Anal Biochem. 2010 Nov 1;406(1):19-23. doi: 10.1016/j.ab.2010.06.045. Epub 2010 Jul 1.
This article describes a successful application of l-lysine epsilon-oxidase (EC 1.4.3.20) for l-lysine determination. l-Lysine epsilon-oxidase was isolated from culture supernatant of Marinomonas mediterranea NBRC 103028(T) and was used for l-lysine determination. Comparison of the characteristics of l-lysine epsilon-oxidase with l-lysine alpha-oxidase, a commercial enzyme used for l-lysine determination, suggests that the use of l-lysine epsilon-oxidase would be more valuable for the determination of l-lysine because of its selectivity and sensitivity, especially in samples with low l-lysine concentration. The enzyme acted only on l-lysine and l-ornithine, to which the relative activity was only 3.4% of that on l-lysine. The value obtained by the colorimetric assay using l-lysine epsilon-oxidase and horseradish peroxidase was not affected by l-ornithine. The enzyme also shows a higher affinity for l-lysine (K(m)=0.0018mM). l-Lysine determination using l-lysine epsilon-oxidase in human plasma and serum was examined. The measured values were close to values determined by instrumental analyses using the precolumn AccQ.Tag Ultra Derivatization Kit. These results suggest that l-lysine epsilon-oxidase can be used for diagnosis based on plasma l-lysine concentration. This is the first report on the application of l-lysine epsilon-oxidase.
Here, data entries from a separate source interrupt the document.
section \<open>Matrices with i.i.d. entries\<close>

lemma Pi_pmf_Times_eq_rows:
  assumes I: "finite I" and J: "finite J"
  shows "Pi_pmf (I \<times> J) d (\<lambda>_. p) = map_pmf case_prod (Pi_pmf I (\<lambda>_. d) (\<lambda>_. Pi_pmf J d (\<lambda>_. p)))"
proof (rule pmf_eqI)
  fix X :: "'a \<times> 'b \<Rightarrow> 'c"
  have inj: "inj (case_prod :: ('a \<Rightarrow> 'b \<Rightarrow> 'c) \<Rightarrow> _)"
    by (intro injI) (metis curry_case_prod)
  have "pmf (map_pmf case_prod (Pi_pmf I (\<lambda>_. d) (\<lambda>_. Pi_pmf J d (\<lambda>_. p)))) (case_prod (curry X))
      = pmf (Pi_pmf I (\<lambda>_. d) (\<lambda>_. Pi_pmf J d (\<lambda>_. p))) (curry X)"
    by (rule pmf_map_inj') (rule inj)
  also have "\<dots> = pmf (Pi_pmf (I \<times> J) d (\<lambda>_. p)) X"
  proof (cases "\<forall>x. x \<notin> I \<times> J \<longrightarrow> X x = d")
    case True
    then show ?thesis using I J
      by (auto simp: pmf_Pi prod.cartesian_product fun_eq_iff intro!: prod.cong)
  next
    case False
    then obtain i j where ij: "(i, j) \<notin> I \<times> J" "X (i, j) \<noteq> d" by auto
    show ?thesis
    proof (cases "i \<in> I")
      case True
      then have "pmf (Pi_pmf J d (\<lambda>_. p)) (curry X i) = 0" using ij J by (auto simp: pmf_Pi)
      then have "(\<Prod>i'\<in>I. pmf (Pi_pmf J d (\<lambda>_. p)) (curry X i')) = 0"
        using True by (intro prod_zero[OF I]) blast
      then have "pmf (Pi_pmf I (\<lambda>_. d) (\<lambda>_. Pi_pmf J d (\<lambda>_. p))) (curry X) = 0"
        unfolding pmf_Pi[OF I] by simp
      moreover have "pmf (Pi_pmf (I \<times> J) d (\<lambda>_. p)) X = 0"
        using False I J by (subst pmf_Pi) auto
      ultimately show ?thesis by simp
    qed (use False ij I J in \<open>auto simp: pmf_Pi fun_eq_iff\<close>)
  qed
  finally show "pmf (Pi_pmf (I \<times> J) d (\<lambda>_. p)) X = pmf (map_pmf case_prod (Pi_pmf I (\<lambda>_. d) (\<lambda>_. Pi_pmf J d (\<lambda>_. p)))) X"
    by simp
qed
本文描述了 l-赖氨酸 ε-氧化酶(EC 1.4.3.20)在 l-赖氨酸测定中的成功应用。l-赖氨酸 ε-氧化酶从 Marinomonas mediterranea NBRC 103028(T)的培养上清液中分离出来,并用于 l-赖氨酸的测定。与用于 l-赖氨酸测定的商业酶 l-赖氨酸 α-氧化酶的特性比较表明,由于其选择性和灵敏度,特别是在低 l-赖氨酸浓度的样品中,使用 l-赖氨酸 ε-氧化酶进行 l-赖氨酸测定将更有价值。该酶仅作用于 l-赖氨酸和 l-鸟氨酸,对其相对活性仅为 l-赖氨酸的 3.4%。使用 l-赖氨酸 ε-氧化酶和辣根过氧化物酶进行比色测定所获得的值不受 l-鸟氨酸的影响。该酶对 l-赖氨酸的亲和力也更高(K(m)=0.0018mM)。对人血浆和血清中的 l-赖氨酸进行了使用 l-赖氨酸 ε-氧化酶的测定。测定值与使用 AccQ.Tag Ultra 衍生试剂盒的仪器分析所确定的值接近。这些结果表明,l-赖氨酸 ε-氧化酶可用于基于血浆 l-赖氨酸浓度的诊断。这是关于 l-赖氨酸 ε-氧化酶应用的首次报道。